Discretionary license revocation. DMV may suspend the driver’s license of a person convicted of willful racing in violation of G.S. 20-141.3(b) for up to one year. G.S. 20-141.3(e).
No seizure. No statute authorizes the seizure of a motor vehicle solely on the grounds that it was used in willful racing in violation of G.S. 20-141.3(b).
What if someone is killed or seriously injured?
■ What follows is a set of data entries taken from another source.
(* Let $C_{\min}=\min_l C_l$, and run Algorithm 3 (see context) on an arbitrary sequence of packet arrivals. Then: (i) the resulting $\{X_{mk}\}$ is feasible for $\textbf{Schedule}$, i.e. capacities $C_l$ are never exceeded; (ii) the resulting $\{\alpha_m\},\{\beta_{lt}\}$ (final values) are feasible for $\textbf{Dual}$; (iii) there is a constant $B<\infty$, depending on $L$ but not on $C_{\min}$, such that $$\Gamma_{opt}\le\Big(2(1+\ln L)+\frac{B}{C_{\min}}\Big)\sum_{m,k}X_{mk}.$$ Consequently, Algorithm 3 is $(1,\,2(1+\ln L))$-competitive in the limit $C_{\min}\to\infty$.
   Context: Network model. The network is a directed graph with a finite set $\mathcal L$ of links. Each link $l$ has an integer capacity $C_l\ge1$ (packets per time slot). Time is slotted, $t=1,2,\dots$. $\mathcal M$ is a finite set of packets. Packet $m$ has a source node $s_m$, a destination node $\mathrm{dst}_m$, an arrival slot $a_m$ and a deadline slot $f_m$. Valid schedules. A valid schedule for $m$ is a set $k=\{(l_1,t_1),\dots,(l_j,t_j)\}$ of (link, slot) pairs satisfying two conditions: $l_1,\dots,l_j$ form a directed path from $s_m$ to $\mathrm{dst}_m$, and $a_m\le t_1<t_2<\dots<t_j\le f_m$. $V(m)$ denotes the set of valid schedules of $m$. $L\ge1$ is an integer with $|k|\le L$ for all $m\in\mathcal M$, $k\in V(m)$. $\textbf{Schedule}(R)$ is the LP: maximize $\sum_{m,k\in V(m)}X_{mk}$ subject to three constraints: - $\sum_{k\in V(m)}X_{mk}\le1$ for all $m$; - $\sum_{m,k:(l,t)\in k}X_{mk}\le RC_l$ for all $l,t$; - $X_{mk}\ge0$. $\textbf{Schedule}$ is $\textbf{Schedule}(1)$, and $\Gamma_{opt}$ denotes its optimal value. $\textbf{Dual}$ is the LP: minimize $\sum_m\alpha_m+\sum_{l,t}C_l\beta_{lt}$ subject to three constraints: - $\alpha_m+\sum_{(l,t)\in k}\beta_{lt}\ge1$ for all $m$ and $k\in V(m)$; - $\alpha_m\ge0$; - $\beta_{lt}\ge0$. Competitive ratio. An online policy $\eta$ is $(R,\rho)$-competitive if $\Gamma_{opt}/\Gamma_\eta(R)\le\rho$ for every arrival sequence, where $\Gamma_\eta(R)$ is the number of packets $\eta$ delivers with capacities $RC_l$. Define the function $$g_L(x)=\begin{cases}\dfrac{e^{x}-1}{L\,(e^{1/(\ln L+1)}-1)}, & 0\le x\le \frac{1}{\ln L+1},\\[2mm] e^{(x-1)(\ln L+1)}, & x\ge\frac{1}{\ln L+1}.\end{cases}$$ Algorithm 3. 1. Initialize all $\alpha_m,X_{mk}$ to $0$. For each link $l$ and slot $t$, let $n_{lt}$ be the number of packets scheduled so far on $(l,t)$ (initially $0$), and maintain $\beta_{lt}=g_L(n_{lt}/C_l)$ (initially $0$). 2. For each arriving packet $m$ in order: - Let $k^*\in\arg\max_{k\in V(m)}\big(1-\sum_{(l,t)\in k}\beta_{lt}\big)$. - If $1-\sum_{(l,t)\in k^*}\beta_{lt}>0$, do the following. Set $\alpha_m=1-\sum_{(l,t)\in k^*}\beta_{lt}$, using current values. For each $(l,t)\in k^*$ increment $n_{lt}$ by one and reset $\beta_{lt}=g_L(n_{lt}/C_l)$. Set $X_{mk^*}=1$, and transmit $m$ along $k^*$. - Otherwise, drop $m$. *)

theory Defs
  imports Complex_Main
begin

record net =
  links :: "nat set"
  cap :: "nat \<Rightarrow> nat"
  lk_tail :: "nat \<Rightarrow> nat"
  lk_head :: "nat \<Rightarrow> nat"

record pkts =
  src :: "nat \<Rightarrow> nat"
  dst :: "nat \<Rightarrow> nat"
  arr :: "nat \<Rightarrow> nat"
  dl :: "nat \<Rightarrow> nat"

fun is_walk :: "net \<Rightarrow> nat \<Rightarrow> nat \<Rightarrow> nat list \<Rightarrow> bool" where
  "is_walk N s d [] = (s = d)"
| "is_walk N s d (l # ls) =
     (l \<in> links N \<and> lk_tail N l = s \<and> is_walk N (lk_head N l) d ls)"

definition is_path :: "net \<Rightarrow> nat \<Rightarrow> nat \<Rightarrow> nat list \<Rightarrow> bool" where
  "is_path N s d ls \<longleftrightarrow> is_walk N s d ls \<and> distinct (s # map (lk_head N) ls)"

definition V :: "net \<Rightarrow> pkts \<Rightarrow> nat \<Rightarrow> (nat \<times> nat) set set" where
  "V N P m = {k. \<exists>ps. set ps = k \<and> is_path N (src P m) (dst P m) (map fst ps)
                  \<and> sorted_wrt (<) (map snd ps)
                  \<and> (\<forall>p\<in>set ps. arr P m \<le> snd p \<and> snd p \<le> dl P m)}"

text \<open>LP Schedule(R) over the packet set M; X(m,k) is the LP variable X_{mk}
  (variables outside m \<in> M, k \<in> V(m) are forced to be 0).\<close>

definition sched_feasible ::
  "net \<Rightarrow> pkts \<Rightarrow> nat set \<Rightarrow> real \<Rightarrow> (nat \<times> (nat \<times> nat) set \<Rightarrow> real) \<Rightarrow> bool" where
  "sched_feasible N P M R X \<longleftrightarrow>
     (\<forall>m k. X (m, k) \<noteq> 0 \<longrightarrow> m \<in> M \<and> k \<in> V N P m) \<and>
     (\<forall>m k. 0 \<le> X (m, k)) \<and>
     (\<forall>m\<in>M. (\<Sum>k\<in>V N P m. X (m, k)) \<le> 1) \<and>
     (\<forall>l\<in>links N. \<forall>t. (\<Sum>m\<in>M. \<Sum>k\<in>{k \<in> V N P m. (l, t) \<in> k}. X (m, k))
                          \<le> R * real (cap N l))"

definition sched_obj :: "net \<Rightarrow> pkts \<Rightarrow> nat set \<Rightarrow> (nat \<times> (nat \<times> nat) set \<Rightarrow> real) \<Rightarrow> real" where
  "sched_obj N P M X = (\<Sum>m\<in>M. \<Sum>k\<in>V N P m. X (m, k))"

definition Gamma_opt :: "net \<Rightarrow> pkts \<Rightarrow> nat set \<Rightarrow> real" where
  "Gamma_opt N P M = Sup (sched_obj N P M ` {X. sched_feasible N P M 1 X})"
When a defendant’s unlawful speed competition proximately causes the death of another, the defendant may be prosecuted for involuntary manslaughter, or, in some circumstances, second degree murder. See State v. Brown, 182 N.C. App. 115, 116, 121 (2007) (upholding conviction for second degree murder arising from death caused in part by defendant’s willful speed competition); State v. Sawyer, 11 N.C. App. 81, 85 (1971) (finding sufficient evidence from which jury could conclude that defendant committed involuntary manslaughter by engaging in a willful speed competition and speeding which proximately caused the death of another). When unlawful racing proximately causes serious injury to another, the driver may be charged with assault with a deadly weapon inflicting serious injury. See Brown, 182 N.C. App. at 116, 121 (also upholding conviction for assault with a deadly weapon inflicting serious injury).